Tuesday, 18 October 2011

Leaves

All my life I’ve been told, by people, by society, that I’m choosing a life that will ensure with me ending up as nothing more than a leaf on a tree. Far, far away from the trunk, an outcast, insignificant and ultimately – replaceable. Expendable. Should I fall – another would grow, take my place.

My answer to that is yes. I am a leaf. I do live on the fringe of the tree, touching (only briefly w...hen the wind blows) a few other leaves in my cluster, then coming apart once again. I cannot survive prolonged contact with anything else, for fear of suffocation and having my purpose, my process left incomplete.

And yet it is my process that determines why I am a leaf. I am far away in order to create. To take the beauty, the sunlight of the world, and filter it down to words upon sheets of paper, to glucose absorbed by cells. I live, I thrive upon this process. Some call it madness, deviancy from the oxygen-breathing masses – the way I take what is thrown out, ignored by the rest, in order to live on.

And one day I will die, blown off the tree, falling to the ground. No matter how hard I try, escaping the tree would still end in death. And in this demise, I will crumble to dust, and nothingness – what I had created from sunlight living on for a few flickering moments. Maybe it coursed through the entire tree, giving it life for a few seconds. Maybe it reached only a few other leaves. Maybe it nourished only me, a single leaf.

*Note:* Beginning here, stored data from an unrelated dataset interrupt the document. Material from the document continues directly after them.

definition Phi_l :: "real \<Rightarrow> int \<Rightarrow> real^2 \<Rightarrow> int \<Rightarrow> real \<Rightarrow> real" where
  "Phi_l \<kappa> m x0 l \<alpha> = Phi m x0 \<alpha> - (real_of_int l / \<kappa>) * \<alpha>"

definition h_l :: "real \<Rightarrow> int \<Rightarrow> real^2 \<Rightarrow> int \<Rightarrow> real \<Rightarrow> real" where
  "h_l \<kappa> m x0 l \<alpha> =
     (let d = deriv (Phi_l \<kappa> m x0 l) \<alpha> in
      if d \<noteq> 0 then (pi * \<kappa> * d) / sin (pi * \<kappa> * d) else 1)"

end

theory Submission
  imports Defs
begin

text \<open>
  Put \<open>P = \<kappa>\<Phi>' - l\<close>. The derivative \<open>\<Phi>'(t) = m (x0\<^sub>1 sin t - x0\<^sub>2 cos t)\<close> is a sinusoid, and as
  \<open>\<Phi>''\<close> keeps one sign on \<open>I\<close>, the addition formulas and Jordan's inequality give
  \<open>|P(t)| \<ge> \<kappa> |\<Phi>''(\<alpha>0)| |t - \<alpha>0| / \<pi>\<close>. Cut \<open>I\<close> at distance \<open>\<delta> = sqrt (\<epsilon> / |\<Phi>''(\<alpha>0)|)\<close>
  from \<open>\<alpha>0\<close>. Near \<open>\<alpha>0\<close> one uses \<open>|h\<^sub>l| \<le> \<pi>/2\<close> (Jordan again). Away from \<open>\<alpha>0\<close> the amplitude
  \<open>h\<^sub>l = \<pi>P / sin (\<pi>P)\<close> contains the derivative \<open>P/\<kappa>\<close> of the phase \<open>\<Phi>\<^sub>l\<close>, so one integration by
  parts moves the derivative onto \<open>g / sin (\<pi>P)\<close>; the factor \<open>1 / sin (\<pi>P)\<close> is monotone and of size
  at most \<open>\<pi> / (2 \<kappa> |\<Phi>''(\<alpha>0)| \<delta>)\<close>. Each of the three pieces is then at most
  \<open>\<pi> (max |g| + \<integral>|g'|) \<delta>\<close>, so \<open>c = 3\<pi>\<close> works, independently even of \<open>\<kappa>\<close> and \<open>x0\<close>.
\<close>

lemma jordan_inequality:
  assumes "\<bar>x\<bar> \<le> pi / 2"
  shows "2 * \<bar>x\<bar> / pi \<le> \<bar>sin x\<bar>"
proof -
  have concave: "concave_on {0..pi/2} sin"
    by (rule f''_le0_imp_concave[where f'=cos and f''="\<lambda>x. - sin x"])
       (auto intro!: derivative_eq_intros sin_ge_zero)
  have "2 * y / pi \<le> sin y" if "0 \<le> y" "y \<le> pi / 2" for y
    using concave_onD[OF concave, of "2 * y / pi" 0 "pi / 2"] that by (auto simp: field_simps)
  from this[of "\<bar>x\<bar>"] assms show ?thesis
    by (cases "x \<ge> 0") auto
qed

lemma abs_pi_mult_div_sin_le:
  assumes "\<bar>x\<bar> \<le> 1/2" "x \<noteq> 0"
  shows "\<bar>pi * x / sin (pi * x)\<bar> \<le> pi / 2"
proof -
  have "2 * \<bar>x\<bar> \<le> \<bar>sin (pi * x)\<bar>"
    using jordan_inequality[of "pi * x"] assms(1) by (simp add: abs_mult)
  then have "pi * \<bar>x\<bar> / \<bar>sin (pi * x)\<bar> \<le> pi * \<bar>x\<bar> / (2 * \<bar>x\<bar>)"
    using assms(2) by (intro divide_left_mono) auto
  then show ?thesis
    using assms(2) by (simp add: abs_mult abs_divide)
qed

lemma sqrt_divide_eq_powr:
  assumes "0 < y"
  shows "sqrt (x / y) = sqrt x * y powr (-1/2)"
proof -
  have "y powr (-1/2) = inverse (y powr (1/2))"
    using powr_minus[of y "1/2"] by simp
  also have "\<dots> = inverse (sqrt y)"
    using assms by (simp only: powr_half_sqrt less_imp_le)
  finally show ?thesis
    by (simp only: divide_inverse real_sqrt_mult real_sqrt_inverse)
qed

lemma norm_le_SUP_norm:
  fixes g :: "real \<Rightarrow> 'a::real_normed_vector"
  assumes "continuous_on {a..b} g" "t \<in> {a..b}"
  shows "norm (g t) \<le> (SUP s\<in>{a..b}. norm (g s))"
proof -
  have "bdd_above ((\<lambda>s. norm (g s)) ` {a..b})"
    using assms(1)
    by (intro bounded_imp_bdd_above compact_imp_bounded compact_continuous_image continuous_intros) auto
  then show ?thesis using cSUP_upper[OF assms(2)] by blast
qed

lemma continuous_on_nonzero_interior_sign:
  fixes f :: "real \<Rightarrow> real"
  assumes cont: "continuous_on {a..b} f" and nz: "\<forall>t\<in>{a<..<b}. f t \<noteq> 0"
  shows "(\<forall>t\<in>{a..b}. 0 \<le> f t) \<or> (\<forall>t\<in>{a..b}. f t \<le> 0)"
proof (rule ccontr)
  assume "\<not> ?thesis"
  then obtain s t where st: "s \<in> {a..b}" "t \<in> {a..b}" "f s < 0" "0 < f t"
    by (auto simp: not_le)
  have "\<exists>z. min s t \<le> z \<and> z \<le> max s t \<and> f z = 0"
  proof (cases "s \<le> t")
    case True
    then show ?thesis
      using IVT'[of f s 0 t] st continuous_on_subset[OF cont] by auto
  next
    case False
    then show ?thesis
      using IVT2'[of f s 0 t] st continuous_on_subset[OF cont] by auto
  qed
  then obtain z where "min s t \<le> z" "z \<le> max s t" "f z = 0" by blast
  moreover have "z \<noteq> s" "z \<noteq> t" using st \<open>f z = 0\<close> by auto
  ultimately have "z \<in> {a<..<b}" using st by auto
  with nz \<open>f z = 0\<close> show False by blast
qed

lemma has_integral_abs_derivative:
  fixes f f' :: "real \<Rightarrow> real"
  assumes "c \<le> d" and f: "\<And>t. t \<in> {c..d} \<Longrightarrow> (f has_real_derivative f' t) (at t within {c..d})"
    and sign: "(\<forall>t\<in>{c..d}. 0 \<le> f' t) \<or> (\<forall>t\<in>{c..d}. f' t \<le> 0)"
  shows "((\<lambda>t. \<bar>f' t\<bar>) has_integral \<bar>f d - f c\<bar>) {c..d}"
proof -
  have ftc: "(f' has_integral f d - f c) {c..d}"
    using assms(1) f
    by (intro fundamental_theorem_of_calculus) (auto simp: has_real_derivative_iff_has_vector_derivative)
  from sign show ?thesis
  proof
    assume pos: "\<forall>t\<in>{c..d}. 0 \<le> f' t"
    have "0 \<le> f d - f c" using has_integral_nonneg[OF ftc] pos by auto
    then show ?thesis
      using has_integral_eq[OF _ ftc, of "\<lambda>t. \<bar>f' t\<bar>"] pos by auto
  next
    assume neg: "\<forall>t\<in>{c..d}. f' t \<le> 0"
    have "0 \<le> - (f d - f c)" using has_integral_nonneg[OF has_integral_neg[OF ftc]] neg by auto
    then show ?thesis
      using has_integral_eq[OF _ has_integral_neg[OF ftc], of "\<lambda>t. \<bar>f' t\<bar>"] neg by auto
  qed
qed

Yet, what people do not know, what parents are unable to comprehend, what the trunk and the roots and the branches do not think about, is the reason why I do so. Why I choose to continue doing so. It’s not to feed the tree – I am not that noble. I choose to do so for the creation, the act of taking sunlight and transforming it into life, taking beauty and making it mine. I live, I experience, I feel, I laugh, I suffer – and through it all, I admire the beauty in everything. And I will always choose to do so.